WHAT YOU SHOULD DO >> Find the word "section" in the records below. List each line containing it.

LISTED ENTRIES >>
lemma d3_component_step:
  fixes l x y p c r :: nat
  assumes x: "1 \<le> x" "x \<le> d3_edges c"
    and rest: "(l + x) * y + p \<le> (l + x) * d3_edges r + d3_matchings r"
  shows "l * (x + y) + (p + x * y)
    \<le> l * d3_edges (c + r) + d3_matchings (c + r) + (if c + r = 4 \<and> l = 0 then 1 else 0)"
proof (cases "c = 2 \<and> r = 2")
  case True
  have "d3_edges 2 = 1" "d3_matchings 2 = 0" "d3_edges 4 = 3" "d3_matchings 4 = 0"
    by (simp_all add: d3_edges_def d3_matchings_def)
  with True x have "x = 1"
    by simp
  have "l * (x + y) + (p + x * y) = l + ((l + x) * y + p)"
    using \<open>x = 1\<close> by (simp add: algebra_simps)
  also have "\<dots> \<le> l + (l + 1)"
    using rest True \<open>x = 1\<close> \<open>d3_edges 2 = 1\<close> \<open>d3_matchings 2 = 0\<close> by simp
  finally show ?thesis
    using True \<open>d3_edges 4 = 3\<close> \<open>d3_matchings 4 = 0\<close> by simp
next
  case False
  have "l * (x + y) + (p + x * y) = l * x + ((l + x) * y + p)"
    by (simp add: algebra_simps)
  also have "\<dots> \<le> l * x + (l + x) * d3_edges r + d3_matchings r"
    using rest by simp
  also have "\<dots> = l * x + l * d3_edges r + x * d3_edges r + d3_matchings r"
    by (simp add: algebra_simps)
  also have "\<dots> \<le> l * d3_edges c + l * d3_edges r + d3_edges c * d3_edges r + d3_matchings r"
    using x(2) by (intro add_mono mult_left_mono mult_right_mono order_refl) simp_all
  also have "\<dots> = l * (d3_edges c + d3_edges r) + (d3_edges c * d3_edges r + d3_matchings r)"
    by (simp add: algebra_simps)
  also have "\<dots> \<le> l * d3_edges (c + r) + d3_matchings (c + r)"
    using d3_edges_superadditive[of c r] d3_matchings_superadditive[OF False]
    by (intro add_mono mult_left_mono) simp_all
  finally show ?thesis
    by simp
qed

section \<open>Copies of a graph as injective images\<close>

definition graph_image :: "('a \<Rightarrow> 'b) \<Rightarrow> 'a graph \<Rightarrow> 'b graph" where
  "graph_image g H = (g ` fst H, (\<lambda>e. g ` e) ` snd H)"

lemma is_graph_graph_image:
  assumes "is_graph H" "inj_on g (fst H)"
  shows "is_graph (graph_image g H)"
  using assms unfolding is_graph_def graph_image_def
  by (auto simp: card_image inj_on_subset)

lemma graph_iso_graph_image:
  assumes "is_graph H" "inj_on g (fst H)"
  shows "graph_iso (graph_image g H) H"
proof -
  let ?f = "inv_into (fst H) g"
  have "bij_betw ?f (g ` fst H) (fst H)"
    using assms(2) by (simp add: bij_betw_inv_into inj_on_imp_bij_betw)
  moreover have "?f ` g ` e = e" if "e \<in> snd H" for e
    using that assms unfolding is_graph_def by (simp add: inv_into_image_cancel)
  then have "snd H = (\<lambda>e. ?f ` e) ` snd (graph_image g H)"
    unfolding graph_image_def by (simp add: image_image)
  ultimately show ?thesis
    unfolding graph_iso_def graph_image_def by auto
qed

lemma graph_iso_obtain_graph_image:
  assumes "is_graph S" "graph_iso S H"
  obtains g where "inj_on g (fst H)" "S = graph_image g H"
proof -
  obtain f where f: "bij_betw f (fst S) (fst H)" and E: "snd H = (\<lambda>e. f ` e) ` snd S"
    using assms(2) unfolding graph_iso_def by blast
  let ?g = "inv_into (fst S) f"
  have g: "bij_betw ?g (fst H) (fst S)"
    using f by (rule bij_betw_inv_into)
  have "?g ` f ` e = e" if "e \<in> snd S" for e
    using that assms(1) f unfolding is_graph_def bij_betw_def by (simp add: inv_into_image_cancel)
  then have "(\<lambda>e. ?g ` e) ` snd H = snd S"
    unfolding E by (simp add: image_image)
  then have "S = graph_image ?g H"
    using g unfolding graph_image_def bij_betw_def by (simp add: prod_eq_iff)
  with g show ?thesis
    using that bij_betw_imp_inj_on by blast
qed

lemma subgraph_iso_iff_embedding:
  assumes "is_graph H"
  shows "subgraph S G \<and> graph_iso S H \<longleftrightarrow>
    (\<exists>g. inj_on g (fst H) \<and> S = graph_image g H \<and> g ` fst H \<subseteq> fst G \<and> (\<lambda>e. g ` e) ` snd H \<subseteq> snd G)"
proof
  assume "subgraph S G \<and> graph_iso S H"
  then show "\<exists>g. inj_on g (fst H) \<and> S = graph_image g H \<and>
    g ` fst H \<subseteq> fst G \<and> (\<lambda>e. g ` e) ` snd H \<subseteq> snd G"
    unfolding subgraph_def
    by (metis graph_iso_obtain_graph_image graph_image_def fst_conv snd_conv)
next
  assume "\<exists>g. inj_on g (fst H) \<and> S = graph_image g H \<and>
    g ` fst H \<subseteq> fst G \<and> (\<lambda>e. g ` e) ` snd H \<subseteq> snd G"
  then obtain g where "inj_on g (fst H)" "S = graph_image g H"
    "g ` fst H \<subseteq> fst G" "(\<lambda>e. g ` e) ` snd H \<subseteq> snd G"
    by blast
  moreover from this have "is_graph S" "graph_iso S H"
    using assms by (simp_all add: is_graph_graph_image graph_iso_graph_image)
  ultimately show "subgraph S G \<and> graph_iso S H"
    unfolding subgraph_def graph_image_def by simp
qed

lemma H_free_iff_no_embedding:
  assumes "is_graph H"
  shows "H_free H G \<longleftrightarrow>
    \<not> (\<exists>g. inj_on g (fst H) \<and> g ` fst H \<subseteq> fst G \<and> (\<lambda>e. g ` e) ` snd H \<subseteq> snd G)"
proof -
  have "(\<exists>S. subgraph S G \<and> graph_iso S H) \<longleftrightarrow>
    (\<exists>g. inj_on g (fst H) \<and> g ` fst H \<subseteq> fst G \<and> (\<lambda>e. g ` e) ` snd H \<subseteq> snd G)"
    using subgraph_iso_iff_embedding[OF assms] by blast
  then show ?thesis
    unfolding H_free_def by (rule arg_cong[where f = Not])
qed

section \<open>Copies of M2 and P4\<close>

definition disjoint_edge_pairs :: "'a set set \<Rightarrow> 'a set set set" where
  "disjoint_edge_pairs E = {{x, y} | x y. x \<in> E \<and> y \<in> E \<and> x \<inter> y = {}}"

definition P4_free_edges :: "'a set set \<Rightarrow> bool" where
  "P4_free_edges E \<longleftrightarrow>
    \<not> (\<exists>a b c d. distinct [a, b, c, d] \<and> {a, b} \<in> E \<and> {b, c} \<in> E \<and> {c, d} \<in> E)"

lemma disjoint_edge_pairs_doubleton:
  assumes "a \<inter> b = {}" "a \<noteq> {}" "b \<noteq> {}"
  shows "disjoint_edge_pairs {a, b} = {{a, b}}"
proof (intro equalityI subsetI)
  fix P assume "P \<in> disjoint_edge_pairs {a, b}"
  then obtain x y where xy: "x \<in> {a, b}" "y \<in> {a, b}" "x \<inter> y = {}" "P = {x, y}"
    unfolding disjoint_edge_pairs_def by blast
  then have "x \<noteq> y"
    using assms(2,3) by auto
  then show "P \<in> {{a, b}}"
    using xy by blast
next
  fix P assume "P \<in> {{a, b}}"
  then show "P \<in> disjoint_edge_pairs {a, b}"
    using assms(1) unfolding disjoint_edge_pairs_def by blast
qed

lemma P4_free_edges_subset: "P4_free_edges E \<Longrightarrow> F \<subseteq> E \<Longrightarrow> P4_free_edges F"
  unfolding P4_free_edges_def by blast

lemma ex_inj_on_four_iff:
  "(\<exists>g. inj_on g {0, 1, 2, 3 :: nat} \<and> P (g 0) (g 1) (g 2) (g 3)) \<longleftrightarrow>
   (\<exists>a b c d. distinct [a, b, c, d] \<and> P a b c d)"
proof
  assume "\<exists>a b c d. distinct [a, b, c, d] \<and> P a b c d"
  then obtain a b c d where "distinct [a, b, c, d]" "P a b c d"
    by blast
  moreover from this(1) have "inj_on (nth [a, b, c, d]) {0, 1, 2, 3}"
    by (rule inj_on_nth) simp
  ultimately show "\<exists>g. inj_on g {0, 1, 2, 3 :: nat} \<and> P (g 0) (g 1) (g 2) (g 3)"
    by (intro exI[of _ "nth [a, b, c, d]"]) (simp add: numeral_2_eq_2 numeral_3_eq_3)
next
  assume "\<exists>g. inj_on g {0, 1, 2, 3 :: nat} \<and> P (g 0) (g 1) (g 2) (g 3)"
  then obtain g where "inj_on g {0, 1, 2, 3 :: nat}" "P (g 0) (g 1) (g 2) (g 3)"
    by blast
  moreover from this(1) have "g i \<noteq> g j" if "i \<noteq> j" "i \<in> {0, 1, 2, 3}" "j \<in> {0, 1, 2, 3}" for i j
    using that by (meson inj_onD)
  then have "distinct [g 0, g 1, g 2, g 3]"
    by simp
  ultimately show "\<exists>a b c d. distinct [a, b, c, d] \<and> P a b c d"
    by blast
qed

...

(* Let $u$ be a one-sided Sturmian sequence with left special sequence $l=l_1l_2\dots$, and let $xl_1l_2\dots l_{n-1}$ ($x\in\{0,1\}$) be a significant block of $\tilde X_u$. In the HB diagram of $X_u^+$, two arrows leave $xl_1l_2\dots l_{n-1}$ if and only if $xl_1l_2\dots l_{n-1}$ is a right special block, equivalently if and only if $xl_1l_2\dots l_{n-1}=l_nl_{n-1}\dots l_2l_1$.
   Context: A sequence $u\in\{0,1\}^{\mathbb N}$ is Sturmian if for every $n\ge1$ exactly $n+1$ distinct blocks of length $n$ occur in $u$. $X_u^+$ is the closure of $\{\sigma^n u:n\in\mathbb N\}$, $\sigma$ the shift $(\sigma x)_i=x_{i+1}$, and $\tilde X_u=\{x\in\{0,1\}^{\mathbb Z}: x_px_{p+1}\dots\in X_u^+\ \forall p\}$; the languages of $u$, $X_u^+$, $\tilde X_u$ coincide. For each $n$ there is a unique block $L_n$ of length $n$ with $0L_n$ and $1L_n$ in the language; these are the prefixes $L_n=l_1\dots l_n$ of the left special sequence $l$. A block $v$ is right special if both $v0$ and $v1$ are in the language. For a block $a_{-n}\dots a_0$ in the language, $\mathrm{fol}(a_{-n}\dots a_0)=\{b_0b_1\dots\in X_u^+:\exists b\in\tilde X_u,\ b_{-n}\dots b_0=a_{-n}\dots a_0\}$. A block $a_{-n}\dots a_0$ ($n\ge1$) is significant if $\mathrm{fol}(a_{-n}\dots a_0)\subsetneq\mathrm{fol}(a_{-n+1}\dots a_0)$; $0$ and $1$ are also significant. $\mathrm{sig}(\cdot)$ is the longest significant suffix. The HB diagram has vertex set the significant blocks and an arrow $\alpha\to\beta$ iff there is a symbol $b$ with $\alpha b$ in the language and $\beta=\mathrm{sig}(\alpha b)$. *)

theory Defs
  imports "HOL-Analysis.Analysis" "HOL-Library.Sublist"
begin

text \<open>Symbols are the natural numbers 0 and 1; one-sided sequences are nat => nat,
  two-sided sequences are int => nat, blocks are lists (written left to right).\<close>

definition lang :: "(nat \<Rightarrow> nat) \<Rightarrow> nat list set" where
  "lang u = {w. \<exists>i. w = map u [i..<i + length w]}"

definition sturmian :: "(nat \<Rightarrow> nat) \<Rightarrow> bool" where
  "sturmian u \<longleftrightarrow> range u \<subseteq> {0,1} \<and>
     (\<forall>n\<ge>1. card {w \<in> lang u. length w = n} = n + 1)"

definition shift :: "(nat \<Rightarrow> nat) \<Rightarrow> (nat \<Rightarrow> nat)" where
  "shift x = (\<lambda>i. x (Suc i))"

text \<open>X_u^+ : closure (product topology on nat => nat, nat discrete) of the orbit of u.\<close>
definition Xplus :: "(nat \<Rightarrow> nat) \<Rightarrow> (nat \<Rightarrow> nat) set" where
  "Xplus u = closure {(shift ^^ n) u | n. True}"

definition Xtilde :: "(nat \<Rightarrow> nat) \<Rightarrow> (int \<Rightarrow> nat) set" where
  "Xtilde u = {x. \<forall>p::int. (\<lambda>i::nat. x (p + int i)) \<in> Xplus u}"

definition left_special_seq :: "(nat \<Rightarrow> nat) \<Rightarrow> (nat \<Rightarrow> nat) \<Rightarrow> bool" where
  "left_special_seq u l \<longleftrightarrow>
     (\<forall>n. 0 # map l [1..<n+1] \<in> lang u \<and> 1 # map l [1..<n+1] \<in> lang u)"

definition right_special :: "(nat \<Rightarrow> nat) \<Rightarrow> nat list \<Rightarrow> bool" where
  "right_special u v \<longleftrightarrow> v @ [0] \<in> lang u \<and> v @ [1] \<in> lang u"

==

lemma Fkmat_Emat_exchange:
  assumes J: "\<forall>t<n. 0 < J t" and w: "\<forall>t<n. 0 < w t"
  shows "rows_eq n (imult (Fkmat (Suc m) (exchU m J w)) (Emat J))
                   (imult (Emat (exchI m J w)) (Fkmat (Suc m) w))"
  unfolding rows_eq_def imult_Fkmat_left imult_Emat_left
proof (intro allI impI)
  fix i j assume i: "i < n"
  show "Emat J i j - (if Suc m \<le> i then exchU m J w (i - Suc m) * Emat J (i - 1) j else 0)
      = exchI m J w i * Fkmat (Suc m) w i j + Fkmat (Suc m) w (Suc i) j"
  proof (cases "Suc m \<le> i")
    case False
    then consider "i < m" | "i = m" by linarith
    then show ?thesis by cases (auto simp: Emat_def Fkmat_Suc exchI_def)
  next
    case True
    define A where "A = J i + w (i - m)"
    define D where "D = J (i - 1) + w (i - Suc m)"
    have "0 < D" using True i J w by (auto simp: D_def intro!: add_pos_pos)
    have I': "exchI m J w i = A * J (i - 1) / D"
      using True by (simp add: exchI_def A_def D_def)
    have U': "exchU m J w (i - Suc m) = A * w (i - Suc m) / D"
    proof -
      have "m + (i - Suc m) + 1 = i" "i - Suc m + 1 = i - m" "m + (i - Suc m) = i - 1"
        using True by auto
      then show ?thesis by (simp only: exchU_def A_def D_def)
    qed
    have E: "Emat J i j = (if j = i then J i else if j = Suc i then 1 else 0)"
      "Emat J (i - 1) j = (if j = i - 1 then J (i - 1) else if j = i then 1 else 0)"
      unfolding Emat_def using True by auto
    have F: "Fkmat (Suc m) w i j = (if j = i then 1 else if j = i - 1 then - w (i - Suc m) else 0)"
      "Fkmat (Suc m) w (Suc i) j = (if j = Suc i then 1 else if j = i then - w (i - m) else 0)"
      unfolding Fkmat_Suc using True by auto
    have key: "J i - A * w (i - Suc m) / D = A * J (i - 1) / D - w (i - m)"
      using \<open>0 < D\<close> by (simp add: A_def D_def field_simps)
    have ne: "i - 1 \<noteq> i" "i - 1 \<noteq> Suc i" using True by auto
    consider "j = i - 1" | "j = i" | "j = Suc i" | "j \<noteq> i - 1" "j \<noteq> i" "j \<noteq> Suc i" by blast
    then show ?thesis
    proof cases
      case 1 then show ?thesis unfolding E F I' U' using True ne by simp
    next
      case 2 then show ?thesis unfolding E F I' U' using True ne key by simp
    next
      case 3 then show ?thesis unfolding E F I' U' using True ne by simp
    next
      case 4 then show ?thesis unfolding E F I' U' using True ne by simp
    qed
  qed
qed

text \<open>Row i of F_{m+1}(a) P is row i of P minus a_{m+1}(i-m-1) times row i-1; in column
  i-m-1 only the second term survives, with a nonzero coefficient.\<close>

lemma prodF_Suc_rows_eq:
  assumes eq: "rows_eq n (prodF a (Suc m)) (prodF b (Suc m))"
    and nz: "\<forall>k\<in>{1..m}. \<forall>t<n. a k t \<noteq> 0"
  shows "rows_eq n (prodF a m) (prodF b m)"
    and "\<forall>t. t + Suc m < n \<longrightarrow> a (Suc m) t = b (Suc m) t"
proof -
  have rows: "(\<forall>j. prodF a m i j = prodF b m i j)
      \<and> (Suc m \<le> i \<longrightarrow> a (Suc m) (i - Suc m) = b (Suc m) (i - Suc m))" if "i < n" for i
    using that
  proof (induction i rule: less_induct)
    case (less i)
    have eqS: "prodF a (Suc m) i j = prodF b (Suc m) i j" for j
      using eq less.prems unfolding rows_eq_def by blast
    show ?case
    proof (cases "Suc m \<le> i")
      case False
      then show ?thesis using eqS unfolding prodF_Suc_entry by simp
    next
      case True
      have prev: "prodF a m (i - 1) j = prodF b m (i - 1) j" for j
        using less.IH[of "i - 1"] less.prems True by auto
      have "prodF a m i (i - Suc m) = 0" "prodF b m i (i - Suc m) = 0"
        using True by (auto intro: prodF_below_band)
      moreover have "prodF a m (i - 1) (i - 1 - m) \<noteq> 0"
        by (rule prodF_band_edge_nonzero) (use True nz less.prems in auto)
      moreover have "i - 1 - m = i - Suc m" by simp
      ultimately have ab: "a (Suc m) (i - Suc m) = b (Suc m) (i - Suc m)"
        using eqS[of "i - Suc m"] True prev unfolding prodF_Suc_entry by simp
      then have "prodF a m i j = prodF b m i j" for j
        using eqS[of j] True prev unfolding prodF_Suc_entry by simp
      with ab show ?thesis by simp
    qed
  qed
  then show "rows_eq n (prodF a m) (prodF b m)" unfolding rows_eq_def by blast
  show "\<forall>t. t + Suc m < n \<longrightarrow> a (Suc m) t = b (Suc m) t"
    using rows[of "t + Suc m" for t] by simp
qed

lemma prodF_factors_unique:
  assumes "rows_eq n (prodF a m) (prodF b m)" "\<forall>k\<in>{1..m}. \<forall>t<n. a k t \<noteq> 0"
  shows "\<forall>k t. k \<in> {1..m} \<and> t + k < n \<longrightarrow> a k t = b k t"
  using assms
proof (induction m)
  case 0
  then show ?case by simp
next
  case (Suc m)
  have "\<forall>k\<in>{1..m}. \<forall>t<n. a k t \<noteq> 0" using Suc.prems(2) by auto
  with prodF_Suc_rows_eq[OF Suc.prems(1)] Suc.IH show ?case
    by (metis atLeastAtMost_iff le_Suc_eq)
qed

ANSWER FOR THE TASK >>
section \<open>Copies of a graph as injective images\<close>
section \<open>Copies of M2 and P4\<close>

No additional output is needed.